• Sat. Dec 2nd, 2023


ByAlys Gilbert

Nov 15, 2016

Bedlam Theatre
Run Ended

In what has become a week for the history books, the cast and crew of Coriolanus present a production that reflects the future fears of many. 
To tackle the words of Shakespeare anywhere other than at the Globe or the RSC, particularly one of his lesser known plays, is highly courageous. As if this was not challenging enough, director Joe Mcaulay’s decision to reconfigure the play for a modern setting demonstrates a meticulous attention to detail.

The tale of Coriolanus follows soldier Caius Martius (Rob Younger), who is named consul following his defeat of the Volscians for possession of the Italian city Corioles. Though he initially convinces the people of his rightful position, he is quickly shown to have evil intent and, as such, is outcast by the Senate. Though he reconciles and plots with the Volscian general, Aufidius (Daniel Orejon), to seek revenge on Rome, his mother Volumnia (Alice Markey) convinces him to return. In the wake of this decision, Aufidius, feeling betrayed, conspires to have his revenge on Martius.

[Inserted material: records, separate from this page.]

(* Consider a power network whose graph $(\mathcal{V},\mathcal{E})$, $\mathcal{V}=\{1,\dots,n\}$, is a tree, with fixed voltage magnitudes $|V_i|=\overline{V}_i>0$ at every bus and, for every line $(i,k)\in\mathcal{E}$, a local angle constraint $\underline{\theta}_{ik}\le\theta_{ik}\le\overline{\theta}_{ik}$ with $\underline{\theta}_{ik}\in[-\pi,0]$, $\overline{\theta}_{ik}\in[0,\pi]$ (and no other constraints). Let $\mathcal{F}=\prod_{(i,k)\in\mathcal{E}}\mathcal{F}_{ik}$ be the flow region and $\mathcal{P}=\mathbf{A}\mathcal{F}$ the injection region. Then $\mathcal{O}(\mathcal{P})=\mathcal{O}(\mathrm{conv}(\mathcal{P}))$.
   Context: Each line $(i,k)\in\mathcal{E}$ has admittance $y_{ik}=g_{ik}-jb_{ik}$ with $g_{ik},b_{ik}\ge0$. For a line $(i,k)$ and angle difference $\theta_{ik}=\theta_i-\theta_k$ of the bus voltage phases, the flows are $P_{ik}=\overline{V}_i^2 g_{ik}+\overline{V}_i\overline{V}_k b_{ik}\sin\theta_{ik}-\overline{V}_i\overline{V}_k g_{ik}\cos\theta_{ik}$ and $P_{ki}=\overline{V}_k^2 g_{ik}-\overline{V}_i\overline{V}_k b_{ik}\sin\theta_{ik}-\overline{V}_i\overline{V}_k g_{ik}\cos\theta_{ik}$. The two-bus flow region $\mathcal{F}_{ik}\subset\mathbb{R}^2$ is the set of pairs $(P_{ik},P_{ki})$ obtained as $\theta_{ik}$ ranges over $[\underline{\theta}_{ik},\overline{\theta}_{ik}]$; $\mathcal{F}\subset\mathbb{R}^{2|\mathcal{E}|}$ is the product of these sets (one coordinate per ordered pair $(i,k)$ and $(k,i)$). $\mathbf{A}$ is the $n\times 2|\mathcal{E}|$ matrix with $A(i,(k,l))=1$ if $i=k$ and $0$ otherwise, so that $(\mathbf{A}\mathbf{f})_i=P_i=\sum_{k\sim i}P_{ik}$ is the net real power injection at bus $i$. For $\mathcal{A}\subseteq\mathbb{R}^m$, $\mathcal{O}(\mathcal{A})$ is the set of Pareto-optimal points of $\mathcal{A}$ (points $x\in\mathcal{A}$ such that no $y\in\mathcal{A}$ satisfies $y\le x$ componentwise with strict inequality in some coordinate), and $\mathrm{conv}$ denotes convex hull. *)

theory Defs
  imports "HOL-Analysis.Analysis"
begin

text \<open>Buses are the elements of a finite type 'n (so n = CARD('n)).
  Lines are given as a set E of ordered pairs (i,k), each physical line listed once
  (with a fixed orientation, to which g, b and the angle bounds refer).\<close>

definition adj :: "('n \<times> 'n) set \<Rightarrow> ('n \<times> 'n) set" where
  "adj E = E \<union> converse E"

definition simple_lines :: "('n \<times> 'n) set \<Rightarrow> bool" where
  "simple_lines E \<longleftrightarrow> (\<forall>(i,k)\<in>E. i \<noteq> k \<and> (k,i) \<notin> E)"

definition graph_connected :: "('n \<times> 'n) set \<Rightarrow> bool" where
  "graph_connected E \<longleftrightarrow> (\<forall>i j. (i,j) \<in> (adj E)\<^sup>*)"

text \<open>A tree: a connected graph in which every edge is a bridge (minimally connected,
  i.e. connected and acyclic).\<close>
definition is_tree :: "('n \<times> 'n) set \<Rightarrow> bool" where
  "is_tree E \<longleftrightarrow> simple_lines E \<and> graph_connected E \<and>
     (\<forall>e\<in>E. (fst e, snd e) \<notin> (adj (E - {e}))\<^sup>*)"

definition Pik :: "real \<Rightarrow> real \<Rightarrow> real \<Rightarrow> real \<Rightarrow> real \<Rightarrow> real" where
  "Pik Vi Vk g b \<theta> = Vi^2 * g + Vi * Vk * b * sin \<theta> - Vi * Vk * g * cos \<theta>"

definition Pki :: "real \<Rightarrow> real \<Rightarrow> real \<Rightarrow> real \<Rightarrow> real \<Rightarrow> real" where
  "Pki Vi Vk g b \<theta> = Vk^2 * g - Vi * Vk * b * sin \<theta> - Vi * Vk * g * cos \<theta>"

definition flow_region_line ::
  "real \<Rightarrow> real \<Rightarrow> real \<Rightarrow> real \<Rightarrow> real \<Rightarrow> real \<Rightarrow> (real \<times> real) set" where
  "flow_region_line Vi Vk g b thlo thhi =
     (\<lambda>\<theta>. (Pik Vi Vk g b \<theta>, Pki Vi Vk g b \<theta>)) ` {thlo..thhi}"

text \<open>Flow region F: flow vectors f indexed by ordered pairs (one coordinate per
  (i,k) and (k,i)); coordinates not belonging to a line are fixed to 0.\<close>
definition flow_region ::
  "('n \<times> 'n) set \<Rightarrow> ('n \<Rightarrow> real) \<Rightarrow> ('n \<times> 'n \<Rightarrow> real) \<Rightarrow> ('n \<times> 'n \<Rightarrow> real)
   \<Rightarrow> ('n \<times> 'n \<Rightarrow> real) \<Rightarrow> ('n \<times> 'n \<Rightarrow> real) \<Rightarrow> ('n \<times> 'n \<Rightarrow> real) set" where
  "flow_region E V g b thlo thhi =
     {f. (\<forall>(i,k)\<in>E. (f (i,k), f (k,i)) \<in>
            flow_region_line (V i) (V k) (g (i,k)) (b (i,k)) (thlo (i,k)) (thhi (i,k)))
         \<and> (\<forall>p. p \<notin> adj E \<longrightarrow> f p = 0)}"

definition inj_map :: "('n::finite \<times> 'n) set \<Rightarrow> ('n \<times> 'n \<Rightarrow> real) \<Rightarrow> real ^ 'n" where
  "inj_map E f = (\<chi> i. \<Sum>p\<in>{p \<in> adj E. fst p = i}. f p)"

definition injection_region ::
  "('n::finite \<times> 'n) set \<Rightarrow> ('n \<Rightarrow> real) \<Rightarrow> ('n \<times> 'n \<Rightarrow> real) \<Rightarrow> ('n \<times> 'n \<Rightarrow> real)
   \<Rightarrow> ('n \<times> 'n \<Rightarrow> real) \<Rightarrow> ('n \<times> 'n \<Rightarrow> real) \<Rightarrow> (real ^ 'n) set" where
  "injection_region E V g b thlo thhi = inj_map E ` flow_region E V g b thlo thhi"

definition pareto :: "(real ^ 'n) set \<Rightarrow> (real ^ 'n) set" where
  "pareto A = {x \<in> A. \<not> (\<exists>y\<in>A. (\<forall>i. y $ i \<le> x $ i) \<and> (\<exists>i. y $ i < x $ i))}"

end

theory Submission
  imports Defs
begin

text \<open>The injection region P is the linear image of the flow region, so it suffices to show that
  every convex combination of two flow vectors dominates, line by line, a flow vector. Then the
  upper set P + R^n_+ is convex, hence contains conv P, and a set and any superset inside its upper
  set have the same Pareto points. On a single line the flows depend on the angle only through
  (sin, -cos) with nonnegative coefficients (g >= 0). Averaging two angles of [lo, hi] gives a point
  (k, s) of the unit disc; the angle arcsin s lies again in [lo, hi] (because lo <= 0 <= hi and
  |lo|, |hi| <= pi), has sine s and cosine sqrt (1 - s^2) >= k, so its flows are no larger.\<close>

lemma arcsin_le_of_le_sin:
  fixes s t h :: real
  assumes "0 \<le> s" "s \<le> sin t" "- pi \<le> t" "t \<le> h" "0 \<le> h"
  shows "arcsin s \<le> h"
proof (cases "t < 0")
  case True
  have "0 \<le> sin (- t)" using True assms(3) by (intro sin_ge_zero) auto
  with assms(1,2) have "s = 0" by simp
  with assms(5) show ?thesis by simp
next
  case False
  show ?thesis
  proof (cases "t \<le> pi / 2")
    case True
    have "arcsin s \<le> arcsin (sin t)"
      using assms(1,2) by (intro arcsin_le_arcsin) auto
    also have "\<dots> = t" using True False by (intro arcsin_sin) auto
    finally show ?thesis using assms(4) by simp
  next
    case False
    have "arcsin s \<le> pi / 2"
      using assms(1,2) sin_le_one[of t] by (intro arcsin_ubound) linarith+
    with False assms(4) show ?thesis by linarith
  qed
qed

lemma arcsin_convex_comb_sin_le:
  fixes t1 t2 h u v :: real
  assumes "- pi \<le> t1" "t1 \<le> h" "- pi \<le> t2" "t2 \<le> h" "0 \<le> h"
    and "0 \<le> u" "0 \<le> v" "u + v = 1"
  shows "arcsin (u * sin t1 + v * sin t2) \<le> h"
proof (cases "0 \<le> u * sin t1 + v * sin t2")
  case True
  have "u * sin t1 + v * sin t2 \<le> max (sin t1) (sin t2)"
    using assms(6-8) by (intro convex_bound_le) auto
  then show ?thesis
    using True assms(1-5) arcsin_le_of_le_sin
    by (cases "sin t1 \<le> sin t2") (auto simp: max_def)
next
  case False
  have "u * - sin t1 + v * - sin t2 \<le> 1"
    using assms(6-8) by (intro convex_bound_le) auto
  then have "- 1 \<le> u * sin t1 + v * sin t2" by simp
  then have "arcsin (u * sin t1 + v * sin t2) \<le> arcsin 0"
    using False by (intro arcsin_le_arcsin) auto
  with assms(5) show ?thesis by simp
qed

lemma square_convex_comb_le:
  fixes a d u v :: real
  assumes "0 \<le> u" "0 \<le> v" "u + v = 1"
  shows "(u * a + v * d)\<^sup>2 \<le> u * a\<^sup>2 + v * d\<^sup>2"
proof -
  have v: "v = 1 - u" using assms(3) by simp
  have "u * a\<^sup>2 + v * d\<^sup>2 - (u * a + v * d)\<^sup>2 = u * v * (a - d)\<^sup>2"
    unfolding v by (simp add: power2_eq_square algebra_simps)
  moreover have "0 \<le> u * v * (a - d)\<^sup>2" using assms(1,2) by simp
  ultimately show ?thesis by linarith
qed

lemma arc_convex_comb_dominated:
  fixes lo hi t1 t2 u v :: real
  assumes "- pi \<le> lo" "lo \<le> 0" "0 \<le> hi" "hi \<le> pi"
    and "t1 \<in> {lo..hi}" "t2 \<in> {lo..hi}"
    and "0 \<le> u" "0 \<le> v" "u + v = 1"
  shows "\<exists>\<theta>\<in>{lo..hi}. sin \<theta> = u * sin t1 + v * sin t2 \<and> u * cos t1 + v * cos t2 \<le> cos \<theta>"
proof -
  define s where "s = u * sin t1 + v * sin t2"
  define k where "k = u * cos t1 + v * cos t2"
  have "s \<le> 1" unfolding s_def using assms(7-9) by (intro convex_bound_le) auto
  moreover have "u * - sin t1 + v * - sin t2 \<le> 1"
    using assms(7-9) by (intro convex_bound_le) auto
  ultimately have s_bounds: "- 1 \<le> s" "s \<le> 1" unfolding s_def by auto
  have "s\<^sup>2 + k\<^sup>2 \<le> (u * (sin t1)\<^sup>2 + v * (sin t2)\<^sup>2) + (u * (cos t1)\<^sup>2 + v * (cos t2)\<^sup>2)"
    unfolding s_def k_def by (intro add_mono square_convex_comb_le assms(7-9))
  also have "\<dots> = u * ((sin t1)\<^sup>2 + (cos t1)\<^sup>2) + v * ((sin t2)\<^sup>2 + (cos t2)\<^sup>2)"
    by algebra
  also have "\<dots> = 1" using assms(9) by simp
  finally have "k\<^sup>2 \<le> 1 - s\<^sup>2" by simp
  then have cos_ge: "k \<le> cos (arcsin s)"
    using s_bounds by (simp add: cos_arcsin real_le_rsqrt)
  have "arcsin s \<le> hi"
    unfolding s_def using assms by (intro arcsin_convex_comb_sin_le) auto
  moreover have "- arcsin s \<le> - lo"
  proof -
    have "arcsin (u * sin (- t1) + v * sin (- t2)) \<le> - lo"
      using assms by (intro arcsin_convex_comb_sin_le) auto
    then show ?thesis using s_bounds arcsin_minus[of s] by (simp add: s_def)
  qed
  ultimately have "arcsin s \<in> {lo..hi}" by simp
  moreover have "sin (arcsin s) = s" using s_bounds by simp
  ultimately show ?thesis using cos_ge unfolding s_def k_def by blast
qed

lemma flow_region_line_convex_comb_dominated:
  fixes Vi Vk g b lo hi u v :: real
  assumes "- pi \<le> lo" "lo \<le> 0" "0 \<le> hi" "hi \<le> pi" "0 \<le> g" "0 \<le> Vi * Vk"
    and "p \<in> flow_region_line Vi Vk g b lo hi" "q \<in> flow_region_line Vi Vk g b lo hi"
    and "0 \<le> u" "0 \<le> v" "u + v = 1"
  shows "\<exists>r\<in>flow_region_line Vi Vk g b lo hi.
           fst r \<le> u * fst p + v * fst q \<and> snd r \<le> u * snd p + v * snd q"
proof -
  obtain t1 t2 where t: "t1 \<in> {lo..hi}" "t2 \<in> {lo..hi}"
    and p: "p = (Pik Vi Vk g b t1, Pki Vi Vk g b t1)"
    and q: "q = (Pik Vi Vk g b t2, Pki Vi Vk g b t2)"
    using assms(7,8) unfolding flow_region_line_def by blast
  define s where "s = u * sin t1 + v * sin t2"
  define k where "k = u * cos t1 + v * cos t2"
  obtain \<theta> where \<theta>: "\<theta> \<in> {lo..hi}" "sin \<theta> = s" "k \<le> cos \<theta>"
    using arc_convex_comb_dominated[OF assms(1-4) t assms(9-11)] unfolding s_def k_def by blast
  have v: "v = 1 - u" using assms(11) by simp
  have "u * Pik Vi Vk g b t1 + v * Pik Vi Vk g b t2 = Vi\<^sup>2 * g + Vi * Vk * b * s - Vi * Vk * g * k"
    unfolding Pik_def s_def k_def v by (simp add: algebra_simps)
  moreover have "u * Pki Vi Vk g b t1 + v * Pki Vi Vk g b t2 = Vk\<^sup>2 * g - Vi * Vk * b * s - Vi * Vk * g * k"
    unfolding Pki_def s_def k_def v by (simp add: algebra_simps)
  moreover have "Vi * Vk * g * k \<le> Vi * Vk * g * cos \<theta>"
    using \<theta>(3) assms(5,6) by (intro mult_left_mono) auto
  ultimately show ?thesis
    using \<theta>(1,2) unfolding p q flow_region_line_def Pik_def Pki_def by force
qed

From the beginning, the production reminds the audience of the current political climate. Projections of tumultuous scenes from modern newsreels are interspersed throughout, while a collection of radio sound bites play in surround sound.

This sets the scene for a high tech show that projects iPhone text messages each time the actors pick up a phone. All the while, Nicola Farr’s set cleverly adds to the play’s contemporary setting.

There is no hiding from the parallels drawn here – if only the production team had known when selecting this script just how pertinent it would become.

Unlike most shows at Bedlam, Coriolanus includes  a sizeable cast with eight chorus members and 10 principle actors. This is extremely useful in violent   scenes requiring a crescendo of sound. A handful of performances warrant special recognition. Bedlam veterans Rob Younger and Jenn Jones give gripping portrayals in their opposing roles and carry the weight of difficult dialogue professionally. Daniel Orejon gives a grippingly malicious performance as Aufidius, and Charlie Ralph as Menenius supplies some much needed comic relief. Of the chorus members, Lucy Davidson and James Sullivan interact with the principle cast wonderfully as ‘third’ and ‘fourth’ citizen. Their highly developed interpretation of Shakespearean language will hopefully lead into larger parts in future productions.

Star of the show is undoubtedly Alice Markey as Volumnia, whose understanding of the nuances of Shakespearean language as well as her stage presence sets her apart from the beginning. Her performance serves as an excellent example of what can be achieved with Shakespearean language when it is skilfully delivered.

Though the production team cannot justly take credit for the timeliness of this performance, its resonance with current events makes it all the more impactful. The production serves as a significant reminder of the importance of standing for kindness, peace, and justice in a period of unrest.